现在不是情绪用事的时候。
我仔细观察着这间巨大的房间,努力捕捉每一个细节。
头顶是矩阵式的LED灯带,柔和的光线将房间的每个角落都照得透亮,却也制造出一种无处可藏的错觉。
巨大的环形工作台上,那些闪烁着幽蓝光芒的精密仪器,透着某种冰冷而高效的美感,仿佛随时准备对生命进行最深层的剖析和改造。
墙壁是巨大的落地玻璃,反光中,我看到了一个被皮革束缚在椅子上的自己,狼狈却又倔强。

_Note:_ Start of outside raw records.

lemma collatz_wielandt_le_rho_real:
  fixes M :: "real mat"
  assumes M: "M \<in> carrier_mat m m" "0\<^sub>m m m \<le> M"
    and z: "z \<in> carrier_vec m" "0\<^sub>v m \<le> z" "z \<noteq> 0\<^sub>v m"
    and r: "r \<cdot>\<^sub>v z \<le> M *\<^sub>v z"
  shows "r \<le> rho_real M"
proof (rule ccontr)
  assume "\<not> r \<le> rho_real M"
  moreover have m: "0 < m" using z(1,3) by (cases m) auto
  ultimately have "0 \<le> rho_real M" "rho_real M < r" using rho_real_nonneg[OF M(1)] by auto
  then obtain t where t: "0 < t" "rho_real M < t" "t < r"
    using dense by (metis le_less_trans)
  define N where "N = (1 / t) \<cdot>\<^sub>m M"
  have N: "N \<in> carrier_mat m m" "0\<^sub>m m m \<le> N"
    using M t unfolding N_def by (auto simp: less_eq_mat_def)
  have "(r / t) \<cdot>\<^sub>v z = (1 / t) \<cdot>\<^sub>v (r \<cdot>\<^sub>v z)" by (simp add: smult_smult_assoc)
  also have "\<dots> \<le> (1 / t) \<cdot>\<^sub>v (M *\<^sub>v z)" using t r by (intro smult_vec_mono) auto
  also have "\<dots> = N *\<^sub>v z" unfolding N_def using M z by (simp add: smult_mat_mult_vec)
  finally have "(r / t) \<cdot>\<^sub>v z \<le> N *\<^sub>v z" .
  moreover have "1 < r / t" using t by simp
  ultimately have "1 \<le> rho_real N" using one_le_rho_real_if_expanding[OF N z] by blast
  moreover have "rho_real N = rho_real M / t"
    unfolding N_def using rho_real_smult[OF M(1) m, of "1 / t"] t by simp
  ultimately show False using t by (simp add: divide_simps)
qed

lemma rho_real_le_row_sum_bound:
  fixes M :: "real mat"
  assumes M: "M \<in> carrier_mat m m" "0\<^sub>m m m \<le> M" and m: "0 < m"
    and rows: "\<And>i. i < m \<Longrightarrow> (\<Sum>j<m. M $$ (i, j)) \<le> c"
  shows "rho_real M \<le> c"
proof -
  obtain w where w: "w \<in> carrier_vec m" "0\<^sub>v m \<le> w" "w \<noteq> 0\<^sub>v m"
    and sub: "rho_real M \<cdot>\<^sub>v w \<le> M *\<^sub>v w"
    using nonneg_mat_sub_eigenvector[OF M m] .
  have "Max ((\<lambda>j. w $ j) ` {..<m}) \<in> (\<lambda>j. w $ j) ` {..<m}" using m by (intro Max_in) auto
  then obtain k where k: "k < m" "w $ k = Max ((\<lambda>j. w $ j) ` {..<m})" by auto
  then have w_le: "w $ j \<le> w $ k" if "j < m" for j using that by simp
  obtain i where "i < m" "0 < w $ i" using nonneg_vec_pos_index[OF w] .
  then have wk: "0 < w $ k" using w_le by (meson less_le_trans)
  have "rho_real M * w $ k \<le> (M *\<^sub>v w) $ k" using sub k(1) M(1) by (auto simp: less_eq_vec_def)
  also have "\<dots> = (\<Sum>j<m. M $$ (k, j) * w $ j)" using mult_mat_vec_index_sum[OF M(1) w(1) k(1)] .
  also have "\<dots> \<le> (\<Sum>j<m. M $$ (k, j) * w $ k)"
    using M k(1) w_le by (intro sum_mono mult_left_mono) (auto simp: less_eq_mat_def)
  also have "\<dots> = (\<Sum>j<m. M $$ (k, j)) * w $ k" by (rule sum_distrib_right[symmetric])
  also have "\<dots> \<le> c * w $ k" using rows[OF k(1)] wk by (intro mult_right_mono) auto
  finally show ?thesis using wk by simp
qed

lemma rho_real_diagonal_mult_stochastic_le_1:
  fixes D W :: "real mat"
  assumes D: "D \<in> carrier_mat n n" "diagonal_mat D" "\<And>i. i < n \<Longrightarrow> 0 \<le> D $$ (i, i) \<and> D $$ (i, i) \<le> 1"
    and W: "W \<in> carrier_mat n n" "0\<^sub>m n n \<le> W" "\<And>i. i < n \<Longrightarrow> (\<Sum>j<n. W $$ (i, j)) = 1"
    and n: "0 < n"
  shows "rho_real (D * W) \<le> 1"
proof (rule rho_real_le_row_sum_bound)
  fix i assume i: "i < n"
  have "(\<Sum>j<n. (D * W) $$ (i, j)) = D $$ (i, i) * (\<Sum>j<n. W $$ (i, j))"
    using diagonal_mat_mult_index[OF D(1) W(1) D(2) i] by (simp add: sum_distrib_left)
  then show "(\<Sum>j<n. (D * W) $$ (i, j)) \<le> 1" using D(3) W(3) i by simp
next
  show "0\<^sub>m n n \<le> D * W"
    using D W diagonal_mat_nonneg[OF D(1,2)] by (intro mult_mat_nonneg) auto
qed (use D W n in auto)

我试图透过玻璃看清外面,但除了自己扭曲的倒影和一片深邃的黑暗,什么也看不见。
这房间就像一个密不透风的玻璃罩,将我与外界彻底隔绝。
我尝试挣动被皮革腕带束缚的双手,腕带温热而柔软,材质介于皮质与某种合成物之间,触感细腻,却又坚韧无比。
我使尽全力,双臂的肌肉因为用力而鼓胀,手腕上的皮肤被勒得有些泛红,但腕带却没有丝毫松动的迹象。
它们仿佛与椅子的扶手融为一体,牢不可破。
我很快就放弃了这种徒劳的尝试,明白仅凭蛮力,无法挣脱这种经过精密设计的束缚。
既然物理上的反抗暂无可能,我便将重心放在了精神层面。
我调整呼吸,努力平复紊乱的心跳,让自己的思绪像水面一样平静下来。
我需要尽快恢复体力,更需要做好心理准备,迎接罗德里克接下来的“审问”,或者说,是他的“表演”。
就在这时,一道轻微的金属摩擦声打破了房间的寂静。
一道巨大的机械门在房间的另一侧无声地开启,一个高挑的身影缓缓走入——正是罗德里克·凡·赫尔辛。
他穿着剪裁合身的深色西装,袖口和领带一丝不苟。
他的脸上挂着一抹温和的笑容,眼神却深邃如同寒潭,让人捉摸不透。
他径直走向我,每一步都踏在中央光可鉴人的地面上,发出清脆的回响。
“啊,沙耶香小姐,您醒了。”罗德里克停在离我不远不近的位置,脸上带着一丝恰到好处的歉意,“很抱歉用这种方式请您过来,希望您能理解。”他的声音低沉而富有磁性,即便是在这种环境下,依旧带着一种莫名的蛊惑力,如果不是亲身经历,恐怕没人能把眼前这个儒雅的男人和那个冷酷无情的变态联系起来。
我没有理会他这虚伪的客气。
这些无意义的话语,只会让我感到恶心。
我眼神冰冷地盯着他,没有回应他的问候,而是冷冷开口:“明人不说暗话,罗德里克。你把我弄到这里的目的到底是什么?直接说出来吧,别再玩你的那些把戏了。”我的声音有些沙哑,但语气却坚定而充满不屑。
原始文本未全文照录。